Victoria nació lejos del estadio que mira hacia la Avenida General Paz. María Asunción Artigas, su mamá, dio a luz el 25 de agosto de 1978 en el Pozo de Banfield, uno de los cientos de centros clandestinos de detención que se instalaron en el país para que el genocidio pudiera llevar adelante su plan sistemático de exterminio. A María Asunción, nacida en Uruguay, la habían secuestrado el 30 de diciembre de 1977 junto a su compañero, Alfredo Moyano, cuando cursaba el tercer mes de embarazo. Ambos eran militantes políticos, ambos se habían escapado de la dictadura comandada por Juan María Bordaberry y ambos resultaron víctimas del Plan Cóndor, la plataforma represiva llevada a cabo conjuntamente por los gobiernos de facto del sur de América Latina. Recién el 30 de diciembre de 1987, una década después de que se llevaran a sus padres, Victoria pudo conocer a sus abuelas Blanca y Enriqueta. Antes había vivido con sus apropiadores, Víctor Penna y Elena Mauriño. Olga Fernández, su maestra de primer grado, había hecho la denuncia a Abuelas de Plaza de Mayo, que ya desde tiempos del gobierno de Jorge Rafael Videla venían buscando incansablemente a sus nietos.
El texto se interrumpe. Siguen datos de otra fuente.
(* Let $x^*$ be a stationary point of $\min_xF(x)=f(x)+\Psi(x)$, i.e. $0\in\nabla f(x^* )+\partial\Psi(x^* )$. Suppose $\Psi$ is partly smooth at $x^*$ relative to a manifold $\mathcal{M}$, with a local $\mathcal{C}^2$ parameterization $\phi$ of $\mathcal{M}$ and a point $y^*$ with $\phi(y^* )=x^*$, and let $F_\phi:=F\circ\phi$. Assume that there is a neighborhood $U$ of $y^*$ such that $V\succeq0$ for every $V\in\partial(\nabla F_\phi)(y)$ and every $y\in U$, and that $\nabla F_\phi$ is strongly semismooth at $y^*$. Fix $c>0$ and $\rho\in(0,1]$. For $y^t\in U$ define $g^t:=\nabla F_\phi(y^t)$, $\mu_t:=c\|g^t\|^{\rho}$, $H_t:=V_t+\mu_tI$ with $V_t\in\partial(\nabla F_\phi)(y^t)$, and $d_t:=\|y^t-y^*\|$. Then for $y^t\in U$, any $q^t$ satisfying $$\|H_tq^t+g^t\|\le0.1\min\{\|g^t\|,\|g^t\|^{1+\rho}\}$$ obeys $$\|q^t\|\le2d_t+\mu_t^{-1}O(d_t^2)+0.1\mu_t^{-1}\|g^t\|^{1+\rho},$$ where $O(\cdot)$ is with respect to $d_t\to0$.
   Context: Standing setting: $\mathcal{H}$ is a Euclidean space; $f:\mathcal{H}\to\mathbb{R}$ is continuously differentiable with Lipschitz gradient; $\Psi:\mathcal{H}\to(-\infty,\infty]$ is convex, proper, lower semicontinuous. Partial smoothness: $\Psi$ is partly smooth at $x^*$ relative to $\mathcal{M}\ni x^*$ if $\partial\Psi(x^* )\ne\emptyset$ and (i) near $x^*$, $\mathcal{M}$ is a $\mathcal{C}^2$ manifold and $\Psi|_{\mathcal{M}}$ is $\mathcal{C}^2$; (ii) the affine span of $\partial\Psi(x^* )$ is a translate of the normal space to $\mathcal{M}$ at $x^*$; (iii) $\partial\Psi$ is continuous at $x^*$ relative to $\mathcal{M}$; (iv) $\Psi$ is regular at points of $\mathcal{M}$ near $x^*$ with nonempty subdifferential. A local parameterization of a $p$-dimensional $\mathcal{C}^2$ manifold $\mathcal{M}$ around $x^*$ is a $\mathcal{C}^2$ map $\phi:\mathbb{R}^p\to\mathcal{M}$ with $\phi(y^* )=x^*$ and injective derivative at $y^*$, describing a neighborhood of $x^*$ in $\mathcal{M}$. $\partial(\nabla F_\phi)(y)$ is the (Clarke) generalized Jacobian of $\nabla F_\phi$ at $y$ (generalized Hessian of $F_\phi$). $\nabla F_\phi$ is strongly semismooth at $y^*$ if it is directionally differentiable at $y^*$ and for any $V\in\partial(\nabla F_\phi)(y^*+\Delta y)$, as $\Delta y\to0$, $\nabla F_\phi(y^*+\Delta y)-\nabla F_\phi(y^* )-V\Delta y=O(\|\Delta y\|^2)$. *)

theory Defs
  imports "HOL-Analysis.Analysis"
begin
Vivía en Belgrano, tenía 4 años y el destino la ubicó en Platense. “Estaba mucho tiempo en el club. Era socia e hice natación y básquet. Salía de la escuela, me dejaban ahí y me pasaba toda la tarde rodeada de amigos. Incluso, muchas veces, cenábamos en el buffet con otras familias. Era un lugar de pertenencia muy fuerte”, cuenta Victoria justo en los días en los que Platense vuelve a ser noticia por haber logrado el ascenso a la B Nacional. Las imágenes se le caen encima, una detrás de la otra. “Pasábamos los cumpleaños y las fiestas y los veranos ahí. Era mío cada rincón del club. En un momento, estaban construyendo una de las tribunas y teníamos prohibido ir. Pero mucho no nos importaba y, cuando no nos veían, jugábamos a la escondida entre los escombros”, relata con la certeza de que algunas anécdotas son indelebles.

Juan Manuel Wolk fue jefe del Pozo de Banfield, una de las principales maternidades clandestinas que funcionaron en el país desde 1976. Apodado El Nazi, está procesado por haber cometido delitos de lesa humanidad, entre ellos la apropiación de cinco bebés durante el período del terror genocida. Recientemente, el Tribunal Oral en lo Criminal Federal Nº1 de La Plata decidió no prorrogar la prisión preventiva que estaba cumpliendo a la espera del juicio oral. Por otras causas, seguirá tras las rejas, aunque la medida adoptada por los jueces Germán Castelli, Alejandro Esmoris y Pablo Vega sienta un precedente que atenta contra una de las bases de cualquier sociedad que apuesta por la democracia: el único lugar que le cabe a un genocida es la cárcel. Desde que se enteró de que era hija de María Asunción y de Alfredo, a Victoria le tocó vivir algún tiempo en Uruguay y en Brasil. Simpatizó con otros cuadros pero ninguno se ganó su corazón: “Aunque ahora no sigo demasiado la campaña del equipo, cuando me preguntan de quién soy hincha, no tengo ninguna duda: de Platense”.

Victoria nunca volvió al lugar que durante muchos campeonatos fue su lugar. Asegura que al principio no lo hizo porque debía rearmar su identidad. Le tocó irse lejos de la Argentina y eso la distanció de la camiseta marrón. De regreso en el país, pensó en hacer socia a su hija porque la memoria de su infancia la empujaba hacia las maravillas que habilita crecer adentro de un club. Hoy anda cada tanto por la General Paz, observa el estadio desde arriba de un auto y no puede evitar que se le filtre una mueca: “Miro las publicidades que se ven desde afuera y pienso cuántas cosas habrán cambiado adentro. Me gustaría poder ir algún día para reencontrarme con toda esa parte de mi vida”.

Hay marcas de las buenas que no se borran. Victoria aprendió que resistir valía la pena cuando el descenso se le aparecía como un monstruo feroz y esa lección futbolera le sirvió para caminar cuando advirtió de más grande que el mundo albergaba cosas mucho más jodidas que jugar en la B. Ocurra lo que ocurra, desde aquel empate con River y para siempre, Platense será una patria en la que atesorar los goles gritados y las sonrisas cosechadas. En una jornada impregnada de gloria, al ascenso en la cancha de Lanús también lo siente suyo. “De Platense”, repite, convencida, Victoria, experta en identidades, para siempre calamar.